Remittance Transfer Rule

On May 11, the CFPB issued its Final Rule on Regulation E’s remittance transfers requirements, effective July 21, 2020.

In advance of the expiration of a statutory exception in July 2020, the Final Rule amendments allow financial institutions to provide estimates of certain fees and the exchange rates related to remittance transfers if they meet certain conditions. The Final Rule also increases the threshold that determines whether an entity is subject to the Remittance Transfer Rule.

Estimates:

Exchange Rate:

The Final Rule adds a new permanent exception that permits insured institutions to estimate the exchange rate and other disclosures that depend on the exchange rate if certain conditions are met. This exception applies to a remittance transfer to a particular country if the designated recipient will receive funds in that particular country’s local currency and all the following conditions are met:

  • The remittance transfer provider is an insured institution;
  • The insured institution cannot determine the exact exchange rate for the remittance transfer at the time that it must provide applicable disclosures;
  • In the prior calendar year, the insured institution did not exceed the exception’s threshold (1,000 or fewer) with regard to the particular country to which it is sending the remittance transfer, and
  • The remittance transfer is sent from the sender’s account held with the insured institution.

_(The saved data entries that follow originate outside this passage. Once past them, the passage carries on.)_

lemma prod_gap_expansion:
  assumes "1 \<le> n"
  shows "(\<Prod>j<2*n. fps_X ^ (2*n - 1) - (fps_X ^ 2) ^ j :: 'a::comm_ring_1 fps)
           = fps_X ^ (2 * (n choose 2) + (2*n - 1) * n)
             * (\<Sum>k\<le>2*n. (-1) ^ k * qbinomial (fps_X ^ 2) (2*n) k * fps_X ^ (absdiff n k ^ 2))"
proof -
  let ?c = "2 * (n choose 2) + (2*n - 1) * n"
  have "(\<Prod>j<2*n. fps_X ^ (2*n - 1) - (fps_X ^ 2) ^ j :: 'a fps)
          = (\<Sum>k\<le>2*n. qbinomial (fps_X ^ 2) (2*n) k * (fps_X ^ 2) ^ (k choose 2) * (-1) ^ k
                          * (fps_X ^ (2*n - 1)) ^ (2*n - k))"
    using qbinomial_theorem[of "fps_X ^ (2*n - 1)" "-1" "fps_X ^ 2" "2*n"] by simp
  also have "\<dots> = (\<Sum>k\<le>2*n. fps_X ^ ?c * ((-1) ^ k * qbinomial (fps_X ^ 2) (2*n) k
                                                  * fps_X ^ (absdiff n k ^ 2)))"
  proof (intro sum.cong refl)
    fix k assume "k \<in> {..2*n}"
    then have "2 * (k choose 2) + (2*n - 1) * (2*n - k) = absdiff n k ^ 2 + ?c"
      using triangular_exponent_absdiff assms by simp
    then have powers: "(fps_X ^ 2) ^ (k choose 2) * (fps_X ^ (2*n - 1)) ^ (2*n - k)
                         = (fps_X ^ (absdiff n k ^ 2 + ?c) :: 'a fps)"
      by (metis power_add power_mult)
    have "qbinomial (fps_X ^ 2) (2*n) k * (fps_X ^ 2) ^ (k choose 2) * (-1) ^ k
            * (fps_X ^ (2*n - 1)) ^ (2*n - k)
          = (-1) ^ k * qbinomial (fps_X ^ 2) (2*n) k
            * ((fps_X ^ 2) ^ (k choose 2) * (fps_X ^ (2*n - 1)) ^ (2*n - k) :: 'a fps)"
      by (simp only: mult_ac)
    also have "\<dots> = fps_X ^ ?c * ((-1) ^ k * qbinomial (fps_X ^ 2) (2*n) k * fps_X ^ (absdiff n k ^ 2))"
      unfolding powers by (simp add: power_add mult_ac)
    finally show "qbinomial (fps_X ^ 2) (2*n) k * (fps_X ^ 2) ^ (k choose 2) * (-1) ^ k
                    * (fps_X ^ (2*n - 1)) ^ (2*n - k)
                  = (fps_X ^ ?c :: 'a fps) * ((-1) ^ k * qbinomial (fps_X ^ 2) (2*n) k * fps_X ^ (absdiff n k ^ 2))" .
  qed
  finally show ?thesis by (simp add: sum_distrib_left)
qed

lemma prod_gap_lower_half:
  "(\<Prod>j<n. fps_X ^ (2*n - 1) - (fps_X ^ 2) ^ j :: 'a::comm_ring_1 fps)
     = (-1) ^ n * fps_X ^ (2 * (n choose 2)) * odd_power_prod n"
proof -
  have "(\<Prod>j<n. fps_X ^ (2*n - 1) - (fps_X ^ 2) ^ j :: 'a fps)
          = (\<Prod>j<n. - (fps_X ^ (2*j)) * (1 - fps_X ^ (2 * (n - Suc j) + 1)))"
  proof (intro prod.cong refl)
    fix j assume "j \<in> {..<n}"
    then have "2*n - 1 = 2*j + (2 * (n - Suc j) + 1)" by simp
    then have "fps_X ^ (2*n - 1) = fps_X ^ (2*j) * (fps_X ^ (2 * (n - Suc j) + 1) :: 'a fps)"
      by (simp add: power_add)
    then show "fps_X ^ (2*n - 1) - (fps_X ^ 2) ^ j
                 = - (fps_X ^ (2*j)) * (1 - (fps_X ^ (2 * (n - Suc j) + 1) :: 'a fps))"
      by (simp add: algebra_simps flip: power_mult)
  qed
  also have "\<dots> = (-1) ^ n * fps_X ^ (2 * (n choose 2)) * odd_power_prod n"
  proof -
    have "(\<Prod>j<n. 1 - fps_X ^ (2 * (n - Suc j) + 1)) = (odd_power_prod n :: 'a fps)"
      unfolding odd_power_prod_def by (rule prod.nat_diff_reindex)
    then show ?thesis by (simp only: prod.distrib prod_neg_even_powers)
  qed
  finally show ?thesis .
qed

lemma prod_gap_upper_half:
  assumes "1 \<le> n"
  shows "(\<Prod>j<n. fps_X ^ (2*n - 1) - (fps_X ^ 2) ^ (n + j) :: 'a::comm_ring_1 fps)
           = fps_X ^ ((2*n - 1) * n) * odd_power_prod n"
proof -
  have "(\<Prod>j<n. fps_X ^ (2*n - 1) - (fps_X ^ 2) ^ (n + j) :: 'a fps)
          = (\<Prod>j<n. fps_X ^ (2*n - 1) * (1 - fps_X ^ (2*j + 1)))"
  proof (intro prod.cong refl)
    fix j
    have exponent: "2 * (n + j) = (2*n - 1) + (2*j + 1)" using assms by simp
    have "(fps_X ^ 2) ^ (n + j) = (fps_X ^ (2 * (n + j)) :: 'a fps)"
      by (rule power_mult[symmetric])
    also have "\<dots> = fps_X ^ (2*n - 1) * fps_X ^ (2*j + 1)"
      by (simp only: exponent power_add)
    finally show "fps_X ^ (2*n - 1) - (fps_X ^ 2) ^ (n + j)
                    = fps_X ^ (2*n - 1) * (1 - (fps_X ^ (2*j + 1) :: 'a fps))"
      by (simp add: algebra_simps)
  qed
  then show ?thesis by (simp add: prod.distrib odd_power_prod_def power_mult)
qed

lemma prod_gap_factorization:
  assumes "1 \<le> n"
  shows "(\<Prod>j<2*n. fps_X ^ (2*n - 1) - (fps_X ^ 2) ^ j :: 'a::comm_ring_1 fps)
           = fps_X ^ (2 * (n choose 2) + (2*n - 1) * n) * ((-1) ^ n * odd_power_prod n ^ 2)"
proof -
  have "(\<Prod>j<2*n. fps_X ^ (2*n - 1) - (fps_X ^ 2) ^ j :: 'a fps)
          = (\<Prod>j<n. fps_X ^ (2*n - 1) - (fps_X ^ 2) ^ j) * (\<Prod>j<n. fps_X ^ (2*n - 1) - (fps_X ^ 2) ^ (n + j))"
    using prod_lessThan_add[of "\<lambda>j. fps_X ^ (2*n - 1) - (fps_X ^ 2) ^ j :: 'a fps" n n]
    by (simp only: mult_2)
  also have "\<dots> = fps_X ^ (2 * (n choose 2) + (2*n - 1) * n) * ((-1) ^ n * odd_power_prod n ^ 2)"
    unfolding prod_gap_lower_half prod_gap_upper_half[OF assms]
    by (simp add: power_add power2_eq_square mult_ac)
  finally show ?thesis .
qed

If the new exception applies to a remittance transfer, the insured institution is permitted to estimate the exchange rate that must be disclosed pursuant to 12 CFR 1005.31(b)(1)(iv). Additionally, if an insured institution is permitted to provide an estimated exchange rate for a remittance transfer under the new exception, the insured institution is permitted to provide estimates for the following disclosures if the estimated exchange rate affects the amount of the disclosure:

  • The amount that will be transferred to the designated recipient disclosed in the currency that the designated recipient will receive, inclusive of covered third-party fees (i.e., “Transfer Amount” as described in 12 CFR 1005.31(b)(1)(v))
  • The amount of any covered third-party fees disclosed in the currency that the designated recipient will receive (i.e., “Other Fees” as described in 12 CFR 1005.31(b)(1)(vi))
  • The amount the designated recipient will receive disclosed in the currency that the designated recipient will receive, after deducting covered third-party fees (i.e., “Total to Recipient” as described in 12 CFR 1005.31(b)(1)(vii))

Third-Party Fees

The Final Rule also adds a new, permanent exception that permits insured institutions to estimate covered third-party fees and other disclosures that depend on covered third-party fees if certain conditions are met. This new, permanent exception applies to a remittance transfer to a particular designated recipient’s institution if all the following conditions are met:

  • The remittance transfer provider is an insured institution
  • The insured institution cannot determine the exact covered third-party fees required to be disclosed for the remittance transfer at the time it must provide applicable disclosures
    • The insured institution does not have a correspondent relationship with the designated recipient’s institution
    • The designated recipient’s institution does not act as the insured institution’s agent
    • The insured institution does not have an agreement with the designated recipient’s institution with respect to the imposition of covered third-party fees on the remittance transfer
    • The insured institution does not know at the time the disclosures are given that the only intermediary financial institutions that will impose covered third-party fees on the transfer are those institutions that have a correspondent relationship with or act as an agent for the insured institution, or have otherwise agreed upon the covered third-party fees with the insured institution
  • Either (a) the insured institution made 500 or fewer remittance transfers to the designated recipient’s institution in the prior calendar year, or (b) a United States federal statute or regulation prohibits the insured institution from being able to determine the exact covered third-party fees required to be disclosed for that remittance transfer
  • The remittance transfer is sent from the sender’s account held with the insured institution

Normal Course of Business Threshold:

Effective July 21, 2020, the Final Rule increases the normal course of business (§1005.30(f)) safe harbor threshold to 500 remittance transfers annually. Beginning on that date, an institution will not be subject to the Remittance Transfer Rule if it provided 500 or fewer remittance transfers in the previous calendar year and provides 500 or fewer remittance transfers in the current calendar year. For the 501st and any subsequent remittance transfers, the institution will need to determine if it is a remittance transfer provider, and if so, the institution has a reasonable period of time, not to exceed six months, to begin complying with the Remittance Transfer Rule.